::: Exercise materials

lemma blade_sign_singleton:
  "blade_sign p {a} B = (-1) ^ card {y\<in>B. y < a} * (if a \<in> B then - eta p a else 1)"
proof -
  have "{(x, y). x \<in> {a} \<and> y \<in> B \<and> y < x} = Pair a ` {y\<in>B. y < a}" by auto
  then have "card {(x, y). x \<in> {a} \<and> y \<in> B \<and> y < x} = card {y\<in>B. y < a}"
    by (simp add: card_image inj_on_def)
  moreover have "{a} \<inter> B = (if a \<in> B then {a} else {})" by auto
  ultimately show ?thesis unfolding blade_sign_def by simp
qed

lemma blade_sign_doubleton:
  assumes "a \<noteq> b"
  shows "blade_sign p {a, b} B = (-1) ^ card {y\<in>B. y < a} * (-1) ^ card {y\<in>B. y < b}
     * (if a \<in> B then - eta p a else 1) * (if b \<in> B then - eta p b else 1)"
proof -
  have "{(x, y). x \<in> {a, b} \<and> y \<in> B \<and> y < x} = Pair a ` {y\<in>B. y < a} \<union> Pair b ` {y\<in>B. y < b}"
    by auto
  moreover have "Pair a ` {y\<in>B. y < a} \<inter> Pair b ` {y\<in>B. y < b} = {}" using assms by auto
  ultimately have "card {(x, y). x \<in> {a, b} \<and> y \<in> B \<and> y < x} = card {y\<in>B. y < a} + card {y\<in>B. y < b}"
    by (simp add: card_Un_disjoint card_image inj_on_def)
  moreover have "(\<Prod>k\<in>{a, b} \<inter> B. - eta p k) =
      (if a \<in> B then - eta p a else 1) * (if b \<in> B then - eta p b else 1)"
    using assms by (cases "a \<in> B"; cases "b \<in> B") (auto simp: Int_insert_left)
  ultimately show ?thesis unfolding blade_sign_def by (simp add: power_add)
qed

lemma minus_one_power_card_less_symdiff:
  fixes a b :: nat
  shows "(-1::real) ^ card {y\<in>(B - {b}) \<union> ({b} - B). y < a} =
    (-1) ^ card {y\<in>B. y < a} * (if b < a then -1 else 1)"
proof (cases "b < a")
  case True
  define S where "S X = {y\<in>X. y < a}" for X
  have fin: "finite (S X)" for X
    unfolding S_def by (rule finite_subset[of _ "{..<a}"]) auto
  show ?thesis
  proof (cases "b \<in> B")
    case True
    then have "S B = insert b (S ((B - {b}) \<union> ({b} - B)))"
      and "b \<notin> S ((B - {b}) \<union> ({b} - B))"
      using \<open>b < a\<close> unfolding S_def by auto
    then have "card (S B) = Suc (card (S ((B - {b}) \<union> ({b} - B))))"
      using fin by simp
    then show ?thesis using \<open>b < a\<close> unfolding S_def by simp
  next
    case False
    then have "S ((B - {b}) \<union> ({b} - B)) = insert b (S B)" and "b \<notin> S B"
      using \<open>b < a\<close> unfolding S_def by auto
    then have "card (S ((B - {b}) \<union> ({b} - B))) = Suc (card (S B))"
      using fin by simp
    then show ?thesis using \<open>b < a\<close> unfolding S_def by simp
  qed
next
  case False
  then have "{y\<in>(B - {b}) \<union> ({b} - B). y < a} = {y\<in>B. y < a}" by auto
  then show ?thesis using False by simp
qed

lemma cl_mult_e_e:
  assumes "a < n" "b < n" "a \<noteq> b"
  shows "cl_mult n p (cl_e a) (cl_e b) = (\<lambda>C. if C = {a, b} then (if b < a then -1 else 1) else 0)"
proof
  fix C
  show "cl_mult n p (cl_e a) (cl_e b) C = (if C = {a, b} then (if b < a then -1 else 1) else 0)"
  proof (cases "C = {a, b}")
    case True
    then have "(C - {a}) \<union> ({a} - C) = {b}" using assms by auto
    moreover have "{y\<in>{b}. y < a} = (if b < a then {b} else {})" by auto
    ultimately show ?thesis
      using True assms by (subst cl_mult_e_left) (simp_all add: cl_e_def blade_sign_singleton)
  next
    case False
    then have "(C - {a}) \<union> ({a} - C) \<noteq> {b}" using assms by auto
    then show ?thesis using False assms by (subst cl_mult_e_left) (simp_all add: cl_e_def)
  qed
qed

lemma cl_even_cl_mult_e_e:
  assumes "a < n" "b < n" "a \<noteq> b"
  shows "cl_even n (cl_mult n p (cl_e a) (cl_e b))"
  unfolding cl_even_def using assms by (simp add: cl_mult_e_e)

lemma cl_spin_eq_cl_mult_e_e:
  assumes "a < n" "b < n" "a \<noteq> b"
  shows "cl_spin n p a b = (\<lambda>C. (- 1/2) * cl_mult n p (cl_e a) (cl_e b) C)"
  unfolding cl_spin_def using assms by (auto simp: cl_mult_e_e insert_commute)

lemma cl_mult_e_e_square:
  assumes "a < n" "b < n" "a \<noteq> b"
  shows "cl_mult n p (cl_mult n p (cl_e a) (cl_e b)) (cl_mult n p (cl_e a) (cl_e b)) =
    (\<lambda>C. (- eta p a * eta p b) * cl_one C)"
proof
  fix C
  define \<sigma> :: real where "\<sigma> = (if b < a then -1 else 1)"
  have E: "cl_mult n p (cl_e a) (cl_e b) = (\<lambda>A. if A = {a, b} then \<sigma> else 0)"
    unfolding \<sigma>_def using assms by (rule cl_mult_e_e)
  have "\<sigma> * \<sigma> = 1" unfolding \<sigma>_def by simp
  moreover have "blade_sign p {a, b} {a, b} = - (eta p a * eta p b)"
  proof -
    have "{y \<in> {a, b}. y < a} = (if b < a then {b} else {})"
      and "{y \<in> {a, b}. y < b} = (if a < b then {a} else {})"
      using assms by auto
    then show ?thesis using assms by (subst blade_sign_doubleton) auto
  qed
  moreover have "C \<noteq> {} \<Longrightarrow> (C - {a, b}) \<union> ({a, b} - C) \<noteq> {a, b}" by auto
  ultimately show "cl_mult n p (cl_mult n p (cl_e a) (cl_e b)) (cl_mult n p (cl_e a) (cl_e b)) C =
      (- eta p a * eta p b) * cl_one C"
    unfolding E using assms
    by (subst cl_mult_blade_left) (auto simp: cl_one_def algebra_simps)
qed
(* (1) $Q^{1}_{\mathrm{Mon}}\mathrm{FO}(+,\times)\equiv Q^{\star}_{\mathrm{Mon}}\mathrm{FO}(+,\times)$. (2) $\mathrm{SOM}(Q^{1}_{\mathrm{Mon}},+,\times)\equiv\mathrm{SOM}(Q^{\star}_{\mathrm{Mon}},+,\times)$.
   Context: Strings as structures: a nonempty string $b_0\cdots b_{n-1}$ over the ordered alphabet $(a_1,\dots,a_s)$ is the structure with universe $\{0,\dots,n-1\}$, natural order $<$, and unary predicates $P_{a_i}=\{j:b_j=a_i\}$. FO uses $=$, $<$, these predicates, $\min,\max$, connectives, $\exists,\forall$; SOM adds unary second-order variables and quantifiers. "$+,\times$" means the ternary relations $i+j=k$ and $i\cdot j=k$ are additionally built in. Monadic second-order Lindström quantifiers: for a language $L$ over $(a_1,\dots,a_s)$ and distinct unary variables $\overline X=(X_1,\dots,X_k)$, over universe $\{0,\dots,n-1\}$ and an assignment $(A_1,\dots,A_k)$ let $s^i_j=1$ iff $j\in A_i$. For $Q^1_L$ the $2^{nk}$ assignments are ordered lexicographically by the interleaved code $s^1_0\cdots s^k_0s^1_1\cdots s^k_1\cdots s^1_{n-1}\cdots s^k_{n-1}$; for $Q^\star_L$ by the concatenated code $s^1_0\cdots s^1_{n-1}\cdots s^k_0\cdots s^k_{n-1}$. Then $\mathcal A\models Q\overline X[\varphi_1,\dots,\varphi_{s-1}]$ iff the word of length $2^{nk}$ whose $i$-th letter is $a_j$ for the least $j$ with $\varphi_j$ true at the $i$-th assignment (and $a_s$ if none) lies in $L$. A monoid is a finite set $M$ with an associative binary operation with identity; for $S\subseteq M$, the word-problem $\mathcal W(S,M)$ is the set of words over alphabet $M$ whose product lies in $S$. $Q^{1}_{\mathrm{Mon}}\mathrm{FO}(+,\times)$ (resp. $Q^{\star}_{\mathrm{Mon}}\mathrm{FO}(+,\times)$) consists of formulas $Q^1_L\overline X[\varphi_1,\dots,\varphi_{s-1}]$ (resp. with $Q^\star_L$), $L$ a monoid word-problem, $\varphi_i$ first-order with built-in $+,\times$. $\mathrm{SOM}(Q^{1}_{\mathrm{Mon}},+,\times)$ (resp. with $\star$) is SOM with built-in $+,\times$ closed under nested application of $Q^1_L$ (resp. $Q^\star_L$) for monoid word-problems $L$. $\mathcal L\equiv\mathcal L'$ means that over every string signature every sentence of either logic has an equivalent sentence of the other. *)

theory Defs
  imports Main
begin

text \<open>Strings over the ordered alphabet (a_1,...,a_s) are lists of naturals < s,
 letter a_i being encoded as i-1. First-order variables and unary second-order
 variables are natural numbers.\<close>

datatype tm = Var nat | Min | Max

datatype qkind = Interleaved | Concatenated

datatype fm =
    Eq tm tm
  | Less tm tm
  | Pred nat tm
  | Plus tm tm tm
  | Times tm tm tm
  | SOAtom nat tm
  | Neg fm
  | Conj fm fm
  | Disj fm fm
  | Ex nat fm
  | All nat fm
  | ExS nat fm
  | AllS nat fm
  | LQ qkind nat "nat list \<Rightarrow> bool" "nat list" "fm list"
    \<comment> \<open>LQ q m L Xs phis: Lindstroem quantifier Q^q_L Xs [phis], L a language over
        the ordered alphabet 0,...,m-1\<close>

fun tval :: "nat list \<Rightarrow> (nat \<Rightarrow> nat) \<Rightarrow> tm \<Rightarrow> nat" where
  "tval w I (Var x) = I x"
| "tval w I Min = 0"
| "tval w I Max = length w - 1"

text \<open>bit number p (0 = most significant) of the length-N binary code of i\<close>
definition codebit :: "nat \<Rightarrow> nat \<Rightarrow> nat \<Rightarrow> bool" where
  "codebit N i p = odd (i div 2 ^ (N - 1 - p))"

text \<open>The value A_{t+1} (t < k) of the i-th assignment (0-based, lexicographic order of codes)
 over universe {0..<n} with k set variables.\<close>
fun asg :: "qkind \<Rightarrow> nat \<Rightarrow> nat \<Rightarrow> nat \<Rightarrow> nat \<Rightarrow> nat set" where
  "asg Interleaved n k i t = {j. j < n \<and> codebit (n*k) i (j*k + t)}"
| "asg Concatenated n k i t = {j. j < n \<and> codebit (n*k) i (t*n + j)}"

definition upd_list :: "(nat \<Rightarrow> nat set) \<Rightarrow> nat list \<Rightarrow> nat set list \<Rightarrow> (nat \<Rightarrow> nat set)" where
  "upd_list J Xs As = fold (\<lambda>(X, A) J. J(X := A)) (zip Xs As) J"

text \<open>letter determined by truth values of phi_1,...,phi_{m-1} (0-based letters)\<close>
definition letter_of :: "bool list \<Rightarrow> nat \<Rightarrow> nat" where
  "letter_of bs m = (if \<exists>j < length bs. bs ! j then (LEAST j. j < length bs \<and> bs ! j) else m - 1)"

::::::

**Required work:** Return, from the material above, each line holding the string "cases".

**Response below:**
    using assms by (cases "a \<in> B"; cases "b \<in> B") (auto simp: Int_insert_left)
proof (cases "b < a")
  proof (cases "b \<in> B")
  proof (cases "C = {a, b}")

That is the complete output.